Hietzing Cemetery is a cemetery in Hietzing, the 13th district of Vienna, Austria. Located just south-west of the Schönbrunn Palace, the cemetery covers approximately 97,175 m² and contains around 11,100 graves.

== History ==
A burial ground existed near today’s Maxingstraße even before 1786. After Hietzing became an independent parish, a new cemetery was established at its current location in 1787 and expanded several times (including in 1794, 1817, 1835, 1892, 1907, between 1918 and 1944, in the 1950s, and in 1979), eventually growing to over 40,000 m² in size. Since 1892, the cemetery has been owned by the City of Vienna and serves as an interdenominational burial site for Hietzing and the Schönbrunn Palace.

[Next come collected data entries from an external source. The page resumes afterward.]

lemma W11_eq_circle_arc_iff_ae:
  fixes w w' :: "real \<Rightarrow> real" and p r :: real
  assumes "0 < p" and "p < r" and W: "W11_with_deriv w w' p" and "w (-p) = 0"
  shows "(\<forall>x\<in>{-p..p}. w x = sqrt (r\<^sup>2 - x\<^sup>2) - sqrt (r\<^sup>2 - p\<^sup>2)) \<longleftrightarrow>
         (\<exists>N. negligible N \<and> (\<forall>x\<in>{-p..p} - N. w' x = - x / sqrt (r\<^sup>2 - x\<^sup>2)))"
proof -
  let ?\<phi> = "\<lambda>x. - x / sqrt (r\<^sup>2 - x\<^sup>2)"
  have w'_int: "w' integrable_on {-p..p}"
    and w: "\<forall>x\<in>{-p..p}. w x = w (-p) + integral {-p..x} w'"
    using W set_lebesgue_integral_eq_integral(1) unfolding W11_with_deriv_def by blast+
  have \<phi>: "(?\<phi> has_integral sqrt (r\<^sup>2 - x\<^sup>2) - sqrt (r\<^sup>2 - p\<^sup>2)) {-p..x}" if "x \<in> {-p..p}" for x
    using has_integral_circle_arc_slope[of r "-p" x] that \<open>p < r\<close> by simp
  have "?\<phi> integrable_on {-p..p}"
    by (rule has_integral_integrable[OF \<phi>]) (use \<open>0 < p\<close> in simp)
  then have "(\<exists>N. negligible N \<and> (\<forall>x\<in>{-p..p} - N. w' x = ?\<phi> x)) \<longleftrightarrow>
      (\<forall>x\<in>{-p..p}. integral {-p..x} w' = integral {-p..x} ?\<phi>)"
    by (rule indefinite_integrals_eq_iff_ae[OF w'_int, symmetric])
  also have "\<dots> \<longleftrightarrow> (\<forall>x\<in>{-p..p}. w x = sqrt (r\<^sup>2 - x\<^sup>2) - sqrt (r\<^sup>2 - p\<^sup>2))"
    using w integral_unique[OF \<phi>] \<open>w (-p) = 0\<close> by simp
  finally show ?thesis ..
qed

In 1913, a new chapel and mortuary were built. After several buildings in the cemetery - including the funeral hall - were damaged during the final days of the Second World War, they were restored by 1947. Renovations and modifications followed in the 1950s, 1960s, and 1970s, with the most recent redesign carried out between 1989 and 1991 based on plans by Austrian architect Christof Riccabona. The old section of the cemetery was restored in the Biedermeier style.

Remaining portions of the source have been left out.